▶ **What the exercise asks**:
Your task is to repeat exactly the lines below between the line holding "unfolding freq_powr_one_plus using" and the line holding "freq_ge_Suc[of j] by simp", inclusive, and only those.

Saved entries
·····

(* Let $\pi:F^n\to F^d$ be a coordinate projection and let $X\subseteq F^n$ be a $\pi$-special submanifold of dimension $d$. Let $f:X\to F$ be a positive definable continuous function. Then the function $g:\pi(X)\to F$ defined by $g(t)=\inf\{f(x)\;|\;x\in X\cap\pi^{-1}(t)\}$ is a positive definable continuous function.
   Context: Throughout, $\mathcal F=(F,<,+,\cdot,0,1,\ldots)$ is a definably complete locally o-minimal expansion of an ordered field: locally o-minimal means that for every definable $X\subseteq F$ and every $a\in F$ there is an open interval $I\ni a$ such that $X\cap I$ is a finite union of points and open intervals; definably complete means every definable subset of $F$ has a supremum and an infimum in $F\cup\{\pm\infty\}$. "Definable" means definable with parameters. Dimension: for nonempty definable $X\subseteq F^n$, $\dim X$ is the largest $d$ such that $\pi(X)$ has nonempty interior for some coordinate projection $\pi:F^n\to F^d$. Special submanifolds: Let $X\subseteq F^n$ be definable of dimension $d$ and $\pi:F^n\to F^d$ a coordinate projection; after permuting coordinates assume $\pi$ is the projection onto the first $d$ coordinates. First suppose $X\subseteq F^d\times(0,1)^{n-d}$. A point $(a,b)\in F^d\times F^{n-d}$ is $(X,\pi)$-normal if there are definable open neighborhoods $A$ of $a$ in $F^d$ and $B$ of $b$ in $F^{n-d}$ such that either $(A\times B)\cap X=\emptyset$ or $(A\times B)\cap X$ is the graph of a definable continuous map $A\to B$. A point $a\in F^d$ is $(X,\pi)$-good if every point of $\{a\}\times F^{n-d}$ is $(X,\pi)$-normal. For general $X$, fix a definable homeomorphism (indeed $\mathcal C^\infty$ diffeomorphism) $\phi:F\to(0,1)$ and call $a$ $(X,\pi)$-good if it is $(\psi(X),\pi)$-good, where $\psi=\mathrm{id}_{F^d}\times\phi^{n-d}$. $X$ is a $\pi$-special submanifold if every point of $\pi(X)$ is $(X,\pi)$-good. *)

theory Defs
  imports Main
begin

definition Fn :: "nat \<Rightarrow> 'a list set" where
  "Fn n = {x. length x = n}"

text \<open>The definable sets (with parameters) of an expansion of an ordered field,
  given as a structure in the sense of van den Dries: D n is the collection of
  definable subsets of F^n.\<close>
definition ofield_structure :: "(nat \<Rightarrow> ('a::linordered_field) list set set) \<Rightarrow> bool" where
  "ofield_structure D \<longleftrightarrow>
     (\<forall>n A. A \<in> D n \<longrightarrow> A \<subseteq> Fn n) \<and>
     (\<forall>n. {} \<in> D n) \<and>
     (\<forall>n A B. A \<in> D n \<longrightarrow> B \<in> D n \<longrightarrow> A \<union> B \<in> D n) \<and>
     (\<forall>n A. A \<in> D n \<longrightarrow> Fn n - A \<in> D n) \<and>
     (\<forall>n A. A \<in> D n \<longrightarrow> {x @ [c] | x c. x \<in> A} \<in> D (Suc n)) \<and>
     (\<forall>n A. A \<in> D n \<longrightarrow> {c # x | x c. x \<in> A} \<in> D (Suc n)) \<and>
     (\<forall>n i j. i < n \<longrightarrow> j < n \<longrightarrow> {x \<in> Fn n. x ! i = x ! j} \<in> D n) \<and>
     (\<forall>n A. A \<in> D (Suc n) \<longrightarrow> butlast ` A \<in> D n) \<and>
     (\<forall>c. {[c]} \<in> D 1) \<and>
     {[a, b] | a b. a < b} \<in> D 2 \<and>
     {[a, b, c] | a b c. c = a + b} \<in> D 3 \<and>
     {[a, b, c] | a b c. c = a * b} \<in> D 3"
lemma abs_mode_deriv_le:
  assumes "x \<ge> - R"
  shows "\<bar>mode_deriv e a b j x t\<bar> \<le> (2 * freq j) ^ (a + 2*b) * exp (freq j * R - freq j powr (1+e))"
proof -
  have l: "freq j > 0" by (rule freq_pos)
  have four: "(4::real)^b = 2^(b*2)" by (induct b) auto
  have "\<bar>mode_deriv e a b j x t\<bar> \<le> exp (- (freq j powr (1+e))) *
     norm (alpha j ^ a * beta j ^ b * exp (alpha j * of_real x + beta j * of_real t))"
    unfolding mode_deriv_def abs_mult abs_exp_cancel by (intro mult_left_mono abs_Im_le_cmod) auto
  also have "norm (alpha j ^ a * beta j ^ b * exp (alpha j * of_real x + beta j * of_real t))
     = norm (alpha j) ^ a * (2 * freq j ^ 2) ^ b * exp (- freq j * x)"
    by (simp add: norm_mult norm_power norm_beta) (simp add: alpha_def beta_def)
  also have "\<dots> \<le> (2 * freq j) ^ a * ((2 * freq j) ^ 2) ^ b * exp (freq j * R)"
  proof (intro mult_mono power_mono)
    show "norm (alpha j) \<le> 2 * freq j" by (rule norm_alpha_le)
    show "2 * freq j ^ 2 \<le> (2 * freq j) ^ 2" using l by (simp add: power2_eq_square)
    show "exp (- freq j * x) \<le> exp (freq j * R)" using l assms
      using mult_left_mono[of "-x" R "freq j"] by simp
  qed (use l in auto)
  finally have "\<bar>mode_deriv e a b j x t\<bar> \<le>
      exp (- (freq j powr (1+e))) * ((2 * freq j) ^ a * ((2 * freq j) ^ 2) ^ b * exp (freq j * R))"
    using l by (simp add: mult_left_mono del: power_mult_distrib)
  also have "\<dots> = (2 * freq j) ^ (a + 2*b) * exp (freq j * R - freq j powr (1+e))"
    using four by (simp add: power_mult[symmetric] power_add exp_diff exp_minus field_simps)
  finally show ?thesis .
qed

abbreviation freq_majorant :: "real \<Rightarrow> nat \<Rightarrow> real \<Rightarrow> nat \<Rightarrow> real" where
  "freq_majorant e N R j \<equiv> (2 * freq j) ^ N * exp (freq j * R - freq j powr (1+e))"

lemma summable_freq_majorant: assumes "0 < e" shows "summable (freq_majorant e N R)"
proof (rule summable_comparison_test_ev)
  show "summable (\<lambda>j. exp (-1::real) ^ j)" by (rule summable_geometric) simp
  show "eventually (\<lambda>j. norm (freq_majorant e N R j) \<le> exp (-1) ^ j) sequentially"
    using eventually_freq_powr_ge[OF assms, of "2 * real N + R + 1"]
  proof eventually_elim
    case (elim j)
    have l: "freq j > 0" by (rule freq_pos)
    have "(2 * freq j) ^ N \<le> exp (2 * freq j) ^ N"
      using l by (intro power_mono) (smt (verit) exp_ge_add_one_self, simp)
    also have "\<dots> = exp (2 * real N * freq j)" by (simp add: exp_of_nat_mult[symmetric] mult_ac)
    finally have pow: "(2 * freq j) ^ N \<le> exp (2 * real N * freq j)" .
    have "freq j powr (1+e) \<ge> freq j * (2 * real N + R + 1)"
      unfolding freq_powr_one_plus using elim l by (intro mult_left_mono) auto
    hence "2 * real N * freq j + (freq j * R - freq j powr (1+e)) \<le> - freq j"
      by (simp add: algebra_simps)
    also have "- freq j \<le> - real j" using freq_ge_Suc[of j] by simp
    finally have expo: "2 * real N * freq j + (freq j * R - freq j powr (1+e)) \<le> - real j" .
    have "norm (freq_majorant e N R j) = freq_majorant e N R j" using l by simp
    also have "\<dots> \<le> exp (2 * real N * freq j) * exp (freq j * R - freq j powr (1+e))"
      using pow by (intro mult_right_mono) auto
    also have "\<dots> = exp (2 * real N * freq j + (freq j * R - freq j powr (1+e)))"
      by (simp add: exp_add)
    also have "\<dots> \<le> exp (- real j)" using expo by simp
    also have "\<dots> = exp (-1) ^ j" by (simp add: exp_of_nat_mult[symmetric])
    finally show ?case .
  qed
qed

lemma summable_abs_mode_deriv:
  assumes "0 < e" shows "summable (\<lambda>j. \<bar>mode_deriv e a b j x t\<bar>)"
proof (rule summable_comparison_test[OF _ summable_freq_majorant[OF assms, of "a+2*b" "\<bar>x\<bar>"]])
  show "\<exists>N. \<forall>j\<ge>N. norm \<bar>mode_deriv e a b j x t\<bar> \<le> freq_majorant e (a+2*b) \<bar>x\<bar> j"
    using abs_mode_deriv_le[of "\<bar>x\<bar>" x e a b _ t] by simp
qed

lemma summable_mode_deriv: "0 < e \<Longrightarrow> summable (\<lambda>j. mode_deriv e a b j x t)"
  by (rule summable_rabs_cancel[OF summable_abs_mode_deriv])

lemma has_real_derivative_Im_cexp_affine:
  "((\<lambda>y::real. Im (c * exp (d * of_real y + k))) has_real_derivative
      Im (c * d * exp (d * of_real x + k))) (at x)"
proof -
  have "((\<lambda>z. c * exp (d * z + k)) has_field_derivative c * d * exp (d * of_real x + k)) (at (of_real x))"
    by (auto intro!: derivative_eq_intros simp: mult_ac)
  hence "((\<lambda>y::real. c * exp (d * of_real y + k)) has_vector_derivative c * d * exp (d * of_real x + k)) (at x)"
    by (rule has_vector_derivative_real_field)
  hence "((\<lambda>y::real. Im (c * exp (d * of_real y + k))) has_vector_derivative
           Im (c * d * exp (d * of_real x + k))) (at x)"
    by (rule bounded_linear.has_vector_derivative[OF bounded_linear_Im])
  thus ?thesis by (simp add: has_real_derivative_iff_has_vector_derivative)
qed

lemma mode_deriv_has_derivative_x:
  "((\<lambda>y. mode_deriv e a b j y t) has_real_derivative mode_deriv e (Suc a) b j x t) (at x)"
  using DERIV_cmult[OF has_real_derivative_Im_cexp_affine, of "exp (- (freq j powr (1+e)))"
      "alpha j ^ a * beta j ^ b" "alpha j" "beta j * of_real t" x]
  unfolding mode_deriv_def by (simp add: mult_ac)

lemma mode_deriv_has_derivative_t:
  "((\<lambda>s. mode_deriv e a b j x s) has_real_derivative mode_deriv e a (Suc b) j x t) (at t)"
  using DERIV_cmult[OF has_real_derivative_Im_cexp_affine, of "exp (- (freq j powr (1+e)))"
      "alpha j ^ a * beta j ^ b" "beta j" "alpha j * of_real x" t]
  unfolding mode_deriv_def by (simp add: mult_ac add.commute)

lemma w_deriv_has_derivative_x:
  assumes "0 < e"
  shows "((\<lambda>y. w_deriv e a b y t) has_real_derivative w_deriv e (Suc a) b x t) (at x)"
proof -
  define S where "S = {x - 1 <..< x + 1}"
  have "((\<lambda>y. \<Sum>j. mode_deriv e a b j y t) has_field_derivative (\<Sum>j. mode_deriv e (Suc a) b j x t)) (at x)"
  proof (rule has_field_derivative_series'(2)[of S "\<lambda>n y. mode_deriv e a b n y t" _ x])
    show "convex S" by (simp add: S_def)
    show "((\<lambda>y. mode_deriv e a b n y t) has_field_derivative mode_deriv e (Suc a) b n y t) (at y within S)"
      for n y by (rule has_field_derivative_at_within[OF mode_deriv_has_derivative_x])
    show "uniformly_convergent_on S (\<lambda>n y. \<Sum>i<n. mode_deriv e (Suc a) b i y t)"
    proof (rule Weierstrass_m_test'[OF _ summable_freq_majorant[OF assms, of "Suc a + 2*b" "\<bar>x\<bar> + 1"]])
      fix n y assume "y \<in> S"
      hence "y \<ge> - (\<bar>x\<bar> + 1)" by (auto simp: S_def)
      thus "norm (mode_deriv e (Suc a) b n y t) \<le> freq_majorant e (Suc a + 2*b) (\<bar>x\<bar> + 1) n"
        using abs_mode_deriv_le[of "\<bar>x\<bar> + 1" y e "Suc a" b n t] by simp
    qed
    show "x \<in> S" "x \<in> interior S" by (auto simp: S_def)
    show "summable (\<lambda>n. mode_deriv e a b n x t)" by (rule summable_mode_deriv[OF assms])
  qed
  thus ?thesis by (simp add: w_deriv_def)
qed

·····

▶ **Task output**:
      unfolding freq_powr_one_plus using elim l by (intro mult_left_mono) auto
    hence "2 * real N * freq j + (freq j * R - freq j powr (1+e)) \<le> - freq j"
      by (simp add: algebra_simps)
    also have "- freq j \<le> - real j" using freq_ge_Suc[of j] by simp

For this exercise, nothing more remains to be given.